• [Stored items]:
(* Let $\mathcal{A}=\{A_1,\dots,A_m\}$ be a bimodal collection of pairwise disjoint nonempty subsets of a finite abelian group $G$, with internal difference groups $H_1,\dots,H_m$, such that $|A_1|<|H_1|$ and $|A_i|=|H_i|$ for all $2\le i\le m$. Let $D=H_2+H_3+\dots+H_m$, and suppose $\mathcal{A}$ is in canonical position, i.e. $A_1\subseteq H_1$ and $D\subseteq H_1\setminus A_1$. Then: (1) $A_1\subseteq H_1\setminus D$ and $A_1$ is a union of cosets of $D$; (2) each $A_i$ with $2\le i\le m$ is a coset of $H_i$, and $A_2,\dots,A_m$ arise from a subdivision of cosets of $H_1$, i.e. $A_2\cup\dots\cup A_m$ is a union of cosets of $H_1$ and each $A_i$ ($i\ge2$) is contained in a single coset of $H_1$.
   Context: $G$ is written additively. The internal difference group $H_i$ of $A_i$ is the subgroup generated by all $x-y$ with $x,y\in A_i$; $A_i$ lies in a single coset of $H_i$ and $|A_i|\le|H_i|$. A collection $\{A_1,\dots,A_m\}$ of pairwise disjoint subsets of $G$ is bimodal if for every $i$ and every $\delta\in G\setminus\{0\}$, the number $N_i(\delta)$ of pairs $(a,b)$ with $a\in A_i$, $b\in A_j$ for some $j\neq i$, and $a-b=\delta$, satisfies $N_i(\delta)\in\{0,|A_i|\}$. An empty sum of subgroups is $\{0\}$. *)

theory Defs
  imports Main
begin

definition is_subgroup :: "'a::ab_group_add set \<Rightarrow> bool" where
  "is_subgroup H \<longleftrightarrow> 0 \<in> H \<and> (\<forall>x\<in>H. \<forall>y\<in>H. x - y \<in> H)"

definition gen_subgroup :: "'a::ab_group_add set \<Rightarrow> 'a set" where
  "gen_subgroup S = \<Inter>{H. is_subgroup H \<and> S \<subseteq> H}"

definition diff_group :: "'a::ab_group_add set \<Rightarrow> 'a set" where
  "diff_group A = gen_subgroup {x - y | x y. x \<in> A \<and> y \<in> A}"

definition subgroup_sum :: "nat set \<Rightarrow> (nat \<Rightarrow> 'a::ab_group_add set) \<Rightarrow> 'a set" where
  "subgroup_sum I H = {(\<Sum>i\<in>I. f i) | f. \<forall>i\<in>I. f i \<in> H i}"

definition coset :: "'a::ab_group_add \<Rightarrow> 'a set \<Rightarrow> 'a set" where
  "coset x K = (\<lambda>k. x + k) ` K"

definition union_of_cosets :: "'a::ab_group_add set \<Rightarrow> 'a set \<Rightarrow> bool" where
  "union_of_cosets K S \<longleftrightarrow> (\<exists>X. S = (\<Union>x\<in>X. coset x K))"

definition Ncount :: "nat \<Rightarrow> (nat \<Rightarrow> 'a::ab_group_add set) \<Rightarrow> nat \<Rightarrow> 'a \<Rightarrow> nat" where
  "Ncount m A i \<delta> = card {(a, b). a \<in> A i \<and> (\<exists>j\<in>{1..m}. j \<noteq> i \<and> b \<in> A j) \<and> a - b = \<delta>}"

definition bimodal :: "nat \<Rightarrow> (nat \<Rightarrow> 'a::ab_group_add set) \<Rightarrow> bool" where
  "bimodal m A \<longleftrightarrow> (\<forall>i\<in>{1..m}. \<forall>\<delta>. \<delta> \<noteq> 0 \<longrightarrow>
      Ncount m A i \<delta> = 0 \<or> Ncount m A i \<delta> = card (A i))"

end

theory Submission
  imports Defs
begin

• [THE PROBLEM]: Go through the entries above and report how many lines hold the word "card". Nothing but the number is needed.

• [RESPONSE]: 2